EXTRACTED RECORDS:
(* Let $n\ge 1$, let $\mathcal{P}=\{x\in\mathbb{R}^n : \tfrac12(\max_i x_i-\min_i x_i)\le 1\}$, and let $V=\{-1,0,1\}^n\setminus(\{-1,0\}^n\cup\{0,1\}^n)$ be the set of vectors with entries in $\{-1,0,1\}$ having at least one entry equal to $1$ and at least one entry equal to $-1$. Then each proper open face of $\mathcal{P}$ contains exactly one element of $V$. Moreover, for any $x\in\partial\mathcal{P}=\mathcal{P}\setminus\operatorname{int}(\mathcal{P})$, the element of $V$ lying in the same open face as $x$ is $v=\operatorname{round}\big(x+(1-\max_i x_i)\mathbf{1}\big)$, where $\mathbf{1}=(1,\dots,1)^\top$ and $\operatorname{round}(\cdot)$ replaces by $0$ every component that is not equal to $1$ or $-1$.
   Context: A polyhedron is a finite intersection of closed halfspaces. A face of a polyhedron $\mathcal{Q}\subseteq\mathbb{R}^n$ is a non-empty subset $F$ with either $F=\mathcal{Q}$ or $F=\mathcal{Q}\cap\{x: b^\top x=c\}$ for some $b\in\mathbb{R}^n$, $c\in\mathbb{R}$ with $b^\top x\le c$ for all $x\in\mathcal{Q}$. A proper face is a face different from $\mathcal{Q}$. An open face is the relative interior of a face (a face consisting of a single point is its own open face); a proper open face is the relative interior of a proper face. *)

theory Defs
  imports "HOL-Analysis.Analysis"
begin

definition poly_face :: "'a::euclidean_space set \<Rightarrow> 'a set \<Rightarrow> bool" where
  "poly_face Q F \<longleftrightarrow> F \<noteq> {} \<and>
     (F = Q \<or> (\<exists>b c. F = Q \<inter> {x. b \<bullet> x = c} \<and> (\<forall>x\<in>Q. b \<bullet> x \<le> c)))"

definition proper_open_face :: "'a::euclidean_space set \<Rightarrow> 'a set \<Rightarrow> bool" where
  "proper_open_face Q G \<longleftrightarrow> (\<exists>F. poly_face Q F \<and> F \<noteq> Q \<and> G = rel_interior F)"

definition vmax :: "real^'n \<Rightarrow> real" where
  "vmax x = Max (range (\<lambda>i. x $ i))"

definition vmin :: "real^'n \<Rightarrow> real" where
  "vmin x = Min (range (\<lambda>i. x $ i))"

definition polyP :: "(real^'n) set" where
  "polyP = {x. (vmax x - vmin x) / 2 \<le> 1}"

definition setV :: "(real^'n) set" where
  "setV = {v. (\<forall>i. v $ i \<in> {-1, 0, 1}) \<and> (\<exists>i. v $ i = 1) \<and> (\<exists>j. v $ j = -1)}"

definition round_vec :: "real^'n \<Rightarrow> real^'n" where
  "round_vec x = (\<chi> i. if x $ i = 1 \<or> x $ i = -1 then x $ i else 0)"

definition ones :: "real^'n" where
  "ones = (\<chi> i. 1)"

end

theory Submission
  imports Defs
begin

text \<open>The polytope is cut out by the inequalities \<open>x\<^sub>i - x\<^sub>j \<le> 2\<close>, and its boundary consists of
  the points with \<open>max x - min x = 2\<close>. If \<open>x\<close> lies in the relative interior of a face \<open>F\<close>, each
  such inequality that is tight at \<open>x\<close> (i.e.\ \<open>x\<^sub>i = max x\<close>, \<open>x\<^sub>j = min x\<close>) is tight on all of
  \<open>F\<close>. Every face is invariant under translation along \<open>\<one>\<close>; shifting \<open>x\<close> so that \<open>max x = 1\<close>
  puts its coordinates in \<open>[-1, 1]\<close>, and rounding the coordinates of modulus \<open>< 1\<close> to \<open>0\<close>
  keeps it in \<open>F\<close> and in the relative interior, because the shifted point lies strictly
  between the rounded one and a point of the polytope, and all tight pairs are preserved.
  Two elements of \<open>V\<close> in the same open face have the same tight pairs, hence the same
  \<open>\<plusminus>1\<close> pattern, hence coincide. A boundary point lies in the relative interior of the
  face cut out by its own tight pairs.\<close>

lemma finite_gap_below:
  fixes f :: "'a::finite \<Rightarrow> real"
  shows "\<exists>\<mu> < B. \<forall>a. f a < B \<longrightarrow> f a \<le> \<mu>"
proof -
  define A where "A = insert (B - 1) {f a | a. f a < B}"
  have "finite A" unfolding A_def by simp
  then have "Max A < B" "\<forall>a. f a < B \<longrightarrow> f a \<le> Max A"
    by (auto simp: A_def intro: Max_ge)
  then show ?thesis by blast
qed
lemma weighted_geometric_mean_le_iff:
  fixes hj hl \<theta> Z :: "'a::idem_semifield"
  assumes hj: "hj \<noteq> 0" and hl: "hl \<noteq> 0" and \<theta>: "\<theta> \<noteq> 0" and u: "u > 0" and v: "v > 0"
    and \<alpha>: "\<alpha> > 0" and \<beta>: "\<beta> > 0"
  shows "rpw hj (\<alpha> * v / (\<alpha> * v + \<beta> * u)) * rpw hl (\<beta> * u / (\<alpha> * v + \<beta> * u))
           * rpw Z (u * v / (\<alpha> * v + \<beta> * u)) \<le> \<theta>
     \<longleftrightarrow> rpw \<theta> (- \<alpha> / u) * rpw hj (\<alpha> / u) * Z * (rpw \<theta> (- \<beta> / v) * rpw hl (\<beta> / v)) \<le> 1"
proof -
  define D where "D = \<alpha> * v + \<beta> * u"
  have D: "D > 0" unfolding D_def using \<alpha> \<beta> u v by (simp add: add_pos_pos)
  define e where "e = u * v / D"
  have e: "e > 0" "1 / e > 0" unfolding e_def using D u v by auto
  have ae: "\<alpha> * v / (D * e) = \<alpha> / u" and be: "\<beta> * u / (D * e) = \<beta> / v"
    unfolding e_def using D u v by (simp_all add: field_simps)
  have ee: "e * (1 / e) = 1" using e by simp
  \<comment> \<open>raising both sides to the power \<open>1 / e = \<alpha> / u + \<beta> / v\<close> separates the two factors\<close>
  have ie: "1 / e = \<alpha> / u + \<beta> / v"
    unfolding e_def D_def using u v by (simp add: field_simps)
  have "rpw hj (\<alpha> * v / D) * rpw hl (\<beta> * u / D) * rpw Z e \<le> \<theta> \<longleftrightarrow>
        rpw (rpw hj (\<alpha> * v / D) * rpw hl (\<beta> * u / D) * rpw Z e) (1 / e) \<le> rpw \<theta> (1 / e)"
    using rpw_le_rpw_iff[OF e(2)] by blast
  also have "rpw (rpw hj (\<alpha> * v / D) * rpw hl (\<beta> * u / D) * rpw Z e) (1 / e)
      = rpw hj (\<alpha> / u) * rpw hl (\<beta> / v) * Z"
    using e hj hl by (simp add: rpw_mult_pos rpw_rpw rpw_rpw_pos ae be ee rpw_one)
  also have "rpw \<theta> (1 / e) = rpw \<theta> (\<alpha> / u) * rpw \<theta> (\<beta> / v)"
    unfolding ie using \<theta> by (simp add: rpw_add)
  also have "rpw hj (\<alpha> / u) * rpw hl (\<beta> / v) * Z \<le> rpw \<theta> (\<alpha> / u) * rpw \<theta> (\<beta> / v)
      \<longleftrightarrow> inverse (rpw \<theta> (\<alpha> / u) * rpw \<theta> (\<beta> / v)) * (rpw hj (\<alpha> / u) * rpw hl (\<beta> / v) * Z) \<le> 1"
    using \<theta> by (intro sf_le_iff_inverse_mult_le_one) (simp add: rpw_nonzero)
  also have "inverse (rpw \<theta> (\<alpha> / u) * rpw \<theta> (\<beta> / v)) = rpw \<theta> (- \<alpha> / u) * rpw \<theta> (- \<beta> / v)"
    using \<theta> by (simp add: sf_inverse_mult rpw_nonzero rpw_minus[symmetric])
  finally show ?thesis unfolding e_def D_def by (simp add: ac_simps)
qed

section \<open>The optimization problem\<close>

locale minimax_problem =
  fixes n m :: nat
    and P :: "nat \<Rightarrow> nat \<Rightarrow> 'a::idem_semifield"
    and w c :: "nat \<Rightarrow> real"
    and h d f g s t :: "nat \<Rightarrow> 'a"
    and B :: "nat \<Rightarrow> nat \<Rightarrow> 'a"
    and \<theta> :: 'a
  assumes n_pos: "n \<ge> 1" and m_pos: "m \<ge> 1"
    and P_nonzero: "\<forall>i<n. \<forall>j<m. P i j \<noteq> 0"
    and w_pos: "\<forall>j<m. w j > 0"
    and h_d_nonzero: "\<forall>j<m. h j \<noteq> 0 \<and> d j \<noteq> 0"
    and c_nonzero: "\<forall>i<n. c i \<noteq> 0"
    and f_regular: "regular n f" and g_regular: "regular n g" and f_le_g: "\<forall>i<n. f i \<le> g i"
    and s_def: "\<forall>i. s i = max (ssum (\<lambda>j. rpw (d j) (- \<bar>c i\<bar>) * rpw (P i j) (c i)) {..<m})
                     (inverse (max (rpw (f i) (- c i)) (rpw (g i) (- c i))))"
    and t_def: "\<forall>i. t i = inverse (max (ssum (\<lambda>j. rpw (d j) (- \<bar>c i\<bar>) * rpw (P i j) (- c i)) {..<m})
                     (inverse (max (rpw (f i) (c i)) (rpw (g i) (c i)))))"
    and Tr_B: "Tr n B \<le> 1"
    and t_kstar_s: "dotp n (vmmult n (vconj t) (kstar n B)) s \<le> 1"
    and theta_def: "\<theta> = ssum (\<lambda>(i, k). ssum (\<lambda>(j, l).
           max (max
             (rpw (h j) (\<bar>c i\<bar> * w l / (\<bar>c i\<bar> * w l + \<bar>c k\<bar> * w j))
              * rpw (h l) (\<bar>c k\<bar> * w j / (\<bar>c i\<bar> * w l + \<bar>c k\<bar> * w j))
              * rpw (rpw (P i j) (- c i) * kstar n B i k * rpw (P k l) (c k))
                    (w j * w l / (\<bar>c i\<bar> * w l + \<bar>c k\<bar> * w j)))
             (h j * rpw (rpw (P i j) (- c i) * kstar n B i k * s k) (w j / \<bar>c i\<bar>)))
             (h l * rpw (inverse (t i) * kstar n B i k * rpw (P k l) (c k)) (w l / \<bar>c k\<bar>)))
         ({..<m} \<times> {..<m})) ({..<n} \<times> {..<n})"
begin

TASK PROMPT:
Look over the listing above and copy each line that contains "longleftrightarrow".

COMPLETED TASK:
  "poly_face Q F \<longleftrightarrow> F \<noteq> {} \<and>
  "proper_open_face Q G \<longleftrightarrow> (\<exists>F. poly_face Q F \<and> F \<noteq> Q \<and> G = rel_interior F)"
     \<longleftrightarrow> rpw \<theta> (- \<alpha> / u) * rpw hj (\<alpha> / u) * Z * (rpw \<theta> (- \<beta> / v) * rpw hl (\<beta> / v)) \<le> 1"
  have "rpw hj (\<alpha> * v / D) * rpw hl (\<beta> * u / D) * rpw Z e \<le> \<theta> \<longleftrightarrow>
      \<longleftrightarrow> inverse (rpw \<theta> (\<alpha> / u) * rpw \<theta> (\<beta> / v)) * (rpw hj (\<alpha> / u) * rpw hl (\<beta> / v) * Z) \<le> 1"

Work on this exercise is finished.